Pictured: Malcolm Sparrow and Ngaire Best
Tawa residents are being asked whether they are willing to come up with to $1 million to save the derelict Tawa railway station which is under threat of demolition.
Members of the suburb’s community board were told last week that the building has been leaking for years. Representatives from Greater Wellington Regional Council, which took ownership of the building three months ago, told board members the water damage is so extensive that piles have subsided and are not supporting the floor, while parts of the building are riddled with borer.
Greater Wellington’s transport manager Wayne Hastie says the building is on a lean. “It’s in a pretty poor state. There’s a high risk that if we tried to repair it, it could fall to pieces.”
Dr Hastie says if the building were demolished, Greater Wellington could construct a replacement waiting area in about three months for about $600,000. Although the old building could be restored at cost of between $1 million and $1.5 million, Dr Hastie says it would be a risky and time-consuming undertaking. “It will require lifting the building to repile it. But it could disintegrate when we do that.”
And because Tawa is on the main trunk line and the main access to the platform is by overhead bridge, it will provide very difficult working conditions, with overhead lines and passing trains close by. Dr Hastie says the station will probably have to be closed while any demolition or construction takes place.
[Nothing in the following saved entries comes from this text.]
(* Let $\alpha,\beta\in\mathbb C$ be the two roots of $x^2-(1+\sqrt{-1})x+1=0$, let $\Gamma:=\mathrm{span}_{\mathbb Z}\{(1,1),(\alpha,\bar\beta),(\alpha^2,\bar\beta^2),(\alpha^3,\bar\beta^3)\}\subset\mathbb C^2$, and let $X:=\mathbb C^2/\Gamma$ (a complex $2$-torus). Let $f\colon X\to X$ be the automorphism induced by $(z_1,z_2)\mapsto(\alpha z_1,\bar\beta z_2)$. Let $\tau\in\mathbb C$ with $\mathrm{Im}\,\tau>0$ and let $M:=(X\times\mathbb C)/\mathbb Z^2$, where $(\ell,m)\in\mathbb Z^2$ acts by $(\ell,m)\cdot(z,w):=(f^m(z),\,w+\ell+m\tau)$; $M$ is a compact complex $3$-fold, the total space of a holomorphic fibre bundle over the elliptic curve $\mathbb C/(\mathbb Z\oplus\tau\mathbb Z)$ with fibre $X$. Then the K\"ahler rank of $M$ equals $1$.
   Context: The K\"ahler rank of a compact complex manifold $Y$ is $\mathrm{Kr}(Y):=\max\{k\in\mathbb N: \exists$ a real $(1,1)$-form $\omega\geq0$ (non-negative) with $d\omega=0$ and $\omega^k$ not identically zero$\}$. *)

theory Defs
  imports "HOL-Analysis.Analysis"
begin

text \<open>Points of the universal cover C^2 x C = C^3 of M; coordinates (z1, z2, w)
  are the components with indices 1, 2, 3 of type 3.\<close>

type_synonym pt = "complex^3"

definition vec3 :: "complex \<Rightarrow> complex \<Rightarrow> complex \<Rightarrow> pt" where
  "vec3 a b c = (\<chi> i. if i = 1 then a else if i = 2 then b else c)"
Tawa Community board chairman Malcolm Sparrow says he wants to hear what residents want done with their railway station. “Our role is to gauge the feelings of the community. We have to act on behalf of the community.”
Mr Sparrow says the board has organised a public meeting for Sunday May 6 at the Tawa Community Centre, starting at 4.30pm. Officers from Greater Wellington have been asked to come along and make the same presentation they made to the community board and answer questions.
Wellington city councillor and Tawa resident Ngaire Best says doing nothing is not an option. “The station is unsafe.”
Ms Best says she would like to be able to restore the building. “It’ll be great to preserve it. But that could be up to $1 million and Tawa is not a wealthy community with a large number of donors. And then there are the practicalities of having the station closed for a long period of time.”
Historic Places Trust spokesman David Watt says the station is not a registered heritage building. Nor is it listed in Wellington City Council’s District Plan.
He says the trust hopes Tawa Community board will look at all options. “We hope the community will stand up and say we want to restore it.”
David Parsons from the Tawa Historical Society says the station dates from 1937 when the rail tunnel under Newlands was put through. However, it closed as a staffed station in the late 1980s. “It hasn’t had much maintenance, if any.”
He says the station building is in a bad way. “It’s poor. When you stand inside you can feel the lean.”
The society will present a written report to the May 6 public meeting. But Mr Parsons says its contents have yet to be decided.
Do you think Tawa railway station should be restored, or is spending an additional $1 million too expensive and too risky?